И многозначительно подмигивал, давая понять, как он понимает раздражение Гарика, и разражался своим смешком.
– Идешь домой? – спрашивал он. – Что, в магазин ходил? И в очереди не стоял? А это что у тебя, туалетная бумага? A-а, «уайт клауд», хе-хе, а-а, ну, ты теперь настоящий американец, знаешь, какой самой нежной бумажкой подтираться, хе, хе, хе.
Гарик как-то пригласил Макса домой и познакомил его с Перси. Макс ей понравился: еще бы, континентальный человек. Точно так же, видимо, нравился американцам Генри Киссинджер, другой континентальный человек с той же немецкой подкладкой (Гарик терпеть не мог Киссинджера). В следующий раз Макс пришел к ним на обед с женой Айлин, и женщины весьма сошлись. После обеда они сидели в гостиной, и по телевизору шла передача о голодающих детях в одной из африканских стран. Тут американки Перси с Айлин стали морщится и охать, им было жалко африканских детей, они немедленно захотели пожертвовать на них деньги. Но континентальный человек проявил свой стратегический цинизм, заявив, что это их там собственное дело. Русский континентальный циник поддержал его, сказав:
– Все это журналистские штучки, кто знает, что там на самом деле.
– Ты не любишь журналистов, – добродушно заметила Перси, – но они делают свою работу, ты не можешь этого отрицать?
– Откуда я знаю, какую работу они делают? – скривил лицо Гарик. – Ты веришь всему тому, что тебе преподносят по телевизору или в «Нью-Йорк Таймс»?
– Конечно нет, далеко не всему – спокойно сказала Перси.
– Да, я знаю, – рассмеялся Гарик. – Ты читаешь газеты и смотришь телевизор куда меньше меня.
– Вот именно, – подтвердила Перси, разливая чай.
– Ты замечательный человек, – сказал Гарик, хотя хотел сказать «ты замечательная женщина», но что-то удержало его. Как если бы сказав так, он признал бы что-то, чего не желал признавать. Признал бы, именно глядя напрямик в ее серые глаза.

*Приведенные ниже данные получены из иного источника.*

lemma aperiodic_blocks:
  assumes "aperiodic u" and "b > 0"
  shows "aperiodic (blocks u b)"
  unfolding aperiodic_def
proof
  assume "\<exists>p>0. \<exists>N. \<forall>i\<ge>N. blocks u b (i + p) = blocks u b i"
  then obtain p N where "p > 0" and per: "\<And>i. i \<ge> N \<Longrightarrow> blocks u b (i + p) = blocks u b i"
    by blast
  have "u (i + b * p) = u i" if "i \<ge> b * N" for i
  proof -
    have "N \<le> i div b"
      using that \<open>b > 0\<close> by (simp add: less_eq_div_iff_mult_less_eq mult.commute)
    then have "\<forall>s<b. u (b * (i div b + p) + s) = u (b * (i div b) + s)"
      using per[of "i div b"] unfolding blocks_def factor_at_eq_iff by blast
    then have "u (b * (i div b + p) + i mod b) = u (b * (i div b) + i mod b)"
      using \<open>b > 0\<close> mod_less_divisor by blast
    moreover have "b * (i div b + p) + i mod b = i + b * p"
      by (simp add: algebra_simps)
    ultimately show ?thesis
      by simp
  qed
  moreover have "b * p > 0"
    using \<open>p > 0\<close> \<open>b > 0\<close> by simp
  ultimately show False
    using \<open>aperiodic u\<close> unfolding aperiodic_def by blast
qed

lemma finite_card_range_if_determined:
  assumes determined: "\<And>k k'. u k = u k' \<Longrightarrow> v k = v k'" and "finite (range u)"
  shows "finite (range v) \<and> card (range v) \<le> card (range u)"
proof -
  define g where "g c = v (SOME k. u k = c)" for c
  have "g (u k) = v k" for k
    unfolding g_def by (rule determined) (rule someI, rule refl)
  then have "range v = g ` range u"
    by (metis image_comp image_cong comp_apply)
  then show ?thesis
    using \<open>finite (range u)\<close> by (simp add: card_image_le)
qed

lemma factor_at_blocks_eq:
  assumes eq: "factor_at u ((c + 1) * b) (b * X + j) = factor_at u ((c + 1) * b) (b * Y + j)"
    and "j < b"
  shows "factor_at (blocks u b) c (Suc X) = factor_at (blocks u b) c (Suc Y)"
  unfolding factor_at_eq_iff blocks_def
proof (intro allI impI)
  fix s q assume "s < c" and "q < b"
  then have "b * s + q < b * c"
    using mult_le_mono2[of "Suc s" c b] by simp
  then have "b - j + b * s + q < b + b * c"
    by linarith
  then have "b - j + b * s + q < (c + 1) * b"
    by (simp add: algebra_simps)
  then have "u (b * X + j + (b - j + b * s + q)) = u (b * Y + j + (b - j + b * s + q))"
    using eq by (simp add: factor_at_eq_iff)
  moreover have "b * X + j + (b - j + b * s + q) = b * (Suc X + s) + q"
    and "b * Y + j + (b - j + b * s + q) = b * (Suc Y + s) + q"
    using \<open>j < b\<close> by (simp_all add: algebra_simps)
  ultimately show "u (b * (Suc X + s) + q) = u (b * (Suc Y + s) + q)"
    by simp
qed

lemma uniformly_recurrent_occurs_within:
  assumes "uniformly_recurrent u"
  shows "\<exists>B. \<forall>x i. \<exists>t. t + n \<le> B \<and> factor_at u n (i + t) = factor_at u n x"
proof -
  obtain B where "\<forall>x i. \<exists>t. t + n \<le> B \<and> (\<forall>s<n. u (x + s) = u (i + t + s))"
    using assms unfolding uniformly_recurrent_def by blast
  then show ?thesis
    unfolding factor_at_eq_iff by metis
qed

lemma cong_Suc_power_if_factor_eq:
  assumes ss: "self_similar r u" and "r > 0"
    and sync: "synchronizing r (blocks u (r ^ m)) n x\<^sub>0"
    and occurs: "\<forall>i. \<exists>t. t + n \<le> B \<and> factor_at u n (i + t) = factor_at u n x\<^sub>0"
    and eq: "factor_at u ((B + 1) * r ^ Suc m) x = factor_at u ((B + 1) * r ^ Suc m) y"
    and cong: "[x = y] (mod r ^ m)"
  shows "[x = y] (mod r ^ Suc m)"
proof -
  define v where "v = blocks u (r ^ m)"
  define X where "X = x div r ^ m"
  define Y where "Y = y div r ^ m"
  define j where "j = x mod r ^ m"
  have x: "x = r ^ m * X + j"
    by (simp add: X_def j_def)
  have y: "y = r ^ m * Y + j"
    using cong by (simp add: Y_def j_def cong_def)
  txt \<open>An occurrence of the synchronizing factor just after block \<open>X\<close> of \<open>v\<close> is carried by
    the agreement of \<open>u\<close> at \<open>x\<close> and \<open>y\<close> to just after block \<open>Y\<close>.\<close>
  obtain t where "t + n \<le> B" and t: "factor_at u n (Suc X + t) = factor_at u n x\<^sub>0"
    using occurs by blast
  have X_occurs: "factor_at v n (Suc X + t) = factor_at v n x\<^sub>0"
    unfolding v_def by (rule factor_at_eq_transfer[OF blocks_eq_if_letter_eq[OF ss] t])
  then have X_sync: "[Suc X + t = x\<^sub>0] (mod r)"
    using sync unfolding v_def synchronizing_def by blast
  have "(t + n + 1) * r ^ m \<le> (B + 1) * r ^ Suc m"
    using \<open>t + n \<le> B\<close> \<open>r > 0\<close> by (intro mult_le_mono) simp_all
  with eq have "factor_at u ((t + n + 1) * r ^ m) (r ^ m * X + j)
    = factor_at u ((t + n + 1) * r ^ m) (r ^ m * Y + j)"
    using factor_at_eq_subfactor[of u _ x y 0] x y by simp
  then have "factor_at v (t + n) (Suc X) = factor_at v (t + n) (Suc Y)"
    unfolding v_def by (rule factor_at_blocks_eq) (simp add: j_def \<open>r > 0\<close>)
  then have "factor_at v n (Suc X + t) = factor_at v n (Suc Y + t)"
    by (rule factor_at_eq_subfactor) simp
  with X_occurs have "factor_at v n (Suc Y + t) = factor_at v n x\<^sub>0"
    by simp
  then have Y_sync: "[Suc Y + t = x\<^sub>0] (mod r)"
    using sync unfolding v_def synchronizing_def by blast
  have "[X + Suc t = Y + Suc t] (mod r)"
    using cong_trans[OF X_sync cong_sym[OF Y_sync]] by (simp only: add_Suc_shift)
  then have "[X = Y] (mod r)"
    by (rule cong_add_rcancel_nat[THEN iffD1])
  moreover have "x mod (r ^ m * r) = r ^ m * (X mod r) + j"
    by (simp add: mod_mult2_eq X_def j_def)
  moreover have "y mod (r ^ m * r) = r ^ m * (Y mod r) + j"
    using cong by (simp add: mod_mult2_eq Y_def j_def cong_def)
  ultimately show ?thesis
    unfolding cong_def power_Suc2 by simp
qed

lemma ex_recognizability_constant:
  assumes ss: "self_similar r u" and "r > 0" and "aperiodic u" and "uniformly_recurrent u"
    and fin: "finite (range u)"
  shows "\<exists>L. \<forall>m x y. factor_at u (L * r ^ m) x = factor_at u (L * r ^ m) y \<longrightarrow> [x = y] (mod r ^ m)"
proof -
  txt \<open>This length serves every block word, as none has more than \<^term>\<open>card (range u)\<close> letters.\<close>
  define n where "n = r ^ (2 * card (range u)) + 1"
  obtain B where occurs: "\<forall>x i. \<exists>t. t + n \<le> B \<and> factor_at u n (i + t) = factor_at u n x"
    using uniformly_recurrent_occurs_within[OF \<open>uniformly_recurrent u\<close>] by blast
  have sync: "\<exists>x\<^sub>0. synchronizing r (blocks u (r ^ m)) n x\<^sub>0" for m
  proof -
    have range: "finite (range (blocks u (r ^ m))) \<and> card (range (blocks u (r ^ m))) \<le> card (range u)"
      by (rule finite_card_range_if_determined[OF blocks_eq_if_letter_eq[OF ss] fin])
    have "aperiodic (blocks u (r ^ m))"
      using \<open>r > 0\<close> by (intro aperiodic_blocks[OF \<open>aperiodic u\<close>]) simp
    from synchronizing_factor_exists[OF self_similar_blocks[OF ss] conjunct1[OF range] \<open>r > 0\<close> this conjunct2[OF range]]
    show ?thesis
      unfolding n_def .
  qed
  have "[x = y] (mod r ^ m)"
    if "factor_at u ((B + 1) * r ^ m) x = factor_at u ((B + 1) * r ^ m) y" for m x y
    using that
  proof (induction m arbitrary: x y)
    case 0
    then show ?case by (simp add: cong_def)
  next
    case (Suc m)
    have "(B + 1) * r ^ m \<le> (B + 1) * r ^ Suc m"
      using \<open>r > 0\<close> by (intro mult_le_mono2 power_increasing) simp_all
    then have "factor_at u ((B + 1) * r ^ m) (x + 0) = factor_at u ((B + 1) * r ^ m) (y + 0)"
      by (intro factor_at_eq_subfactor[OF Suc.prems]) simp
    then have "[x = y] (mod r ^ m)"
      by (intro Suc.IH) simp
    obtain x\<^sub>0 where "synchronizing r (blocks u (r ^ m)) n x\<^sub>0"
      using sync by blast
    moreover have "\<forall>i. \<exists>t. t + n \<le> B \<and> factor_at u n (i + t) = factor_at u n x\<^sub>0"
      using occurs by blast
    ultimately show ?case
      by (rule cong_Suc_power_if_factor_eq[OF ss \<open>r > 0\<close> _ _ Suc.prems \<open>[x = y] (mod r ^ m)\<close>])
  qed
  then show ?thesis by blast
qed

lemma antipower_at_if_recognizable:
  assumes rec: "\<And>x y. factor_at w (L * N) x = factor_at w (L * N) y \<Longrightarrow> [x = y] (mod N)"
    and "k \<le> N"
  shows "antipower_at w i k (L * N + 1)"
proof -
  define l where "l = L * N + 1"
  have "[l = 0 + 1] (mod N)"
    unfolding l_def by (intro cong_add) (simp_all add: cong_def)
  then have l_cancel: "[p * l = p] (mod N)" for p
    using cong_scalar_left[of l 1 N p] by simp
  have "factor_at w l (i + p * l) \<noteq> factor_at w l (i + q * l)"
    if "p < k" and "q < k" and "p \<noteq> q" for p q
  proof
    assume "factor_at w l (i + p * l) = factor_at w l (i + q * l)"
    then have "factor_at w (L * N) (i + p * l + 0) = factor_at w (L * N) (i + q * l + 0)"
      by (rule factor_at_eq_subfactor) (simp add: l_def)
    then have "[i + p * l = i + q * l] (mod N)"
      by (intro rec) simp
    then have "[p * l = q * l] (mod N)"
      by (rule cong_add_lcancel_nat[THEN iffD1])
    then have "[p = q] (mod N)"
      using l_cancel by (meson cong_sym cong_trans)
    then show False
      using cong_less_modulus_unique_nat[of p q N] that \<open>k \<le> N\<close> by simp
  qed
  then show ?thesis
    unfolding antipower_at_def factor_at_def[symmetric] l_def[symmetric] by blast
qed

– Хе, хе, ты теперь не в Москве, и это не журналисты из газеты «Правда», – заухмылялся Макс. – Помнишь эту песню?
И он пропел начало песни про доблестных корреспондентов. Как он помнил советские песни, до какой степени они врезались ему в память, неужели ему нечего было помнить, кроме них?
– Да, помню, – сказал с досадой Гарик.
– А здесь другое дело. Здесь Америка. А-м-е-р-и-к-а. Здесь нет «доблестных корреспондентов», – Макс смаковал поизнесенные по-русски слова. – Здесь корреспонденты получают зарплату. Там была зряплата, а тут зарплата, большая разница. Буржуазное общество, империалисты, понимаешь.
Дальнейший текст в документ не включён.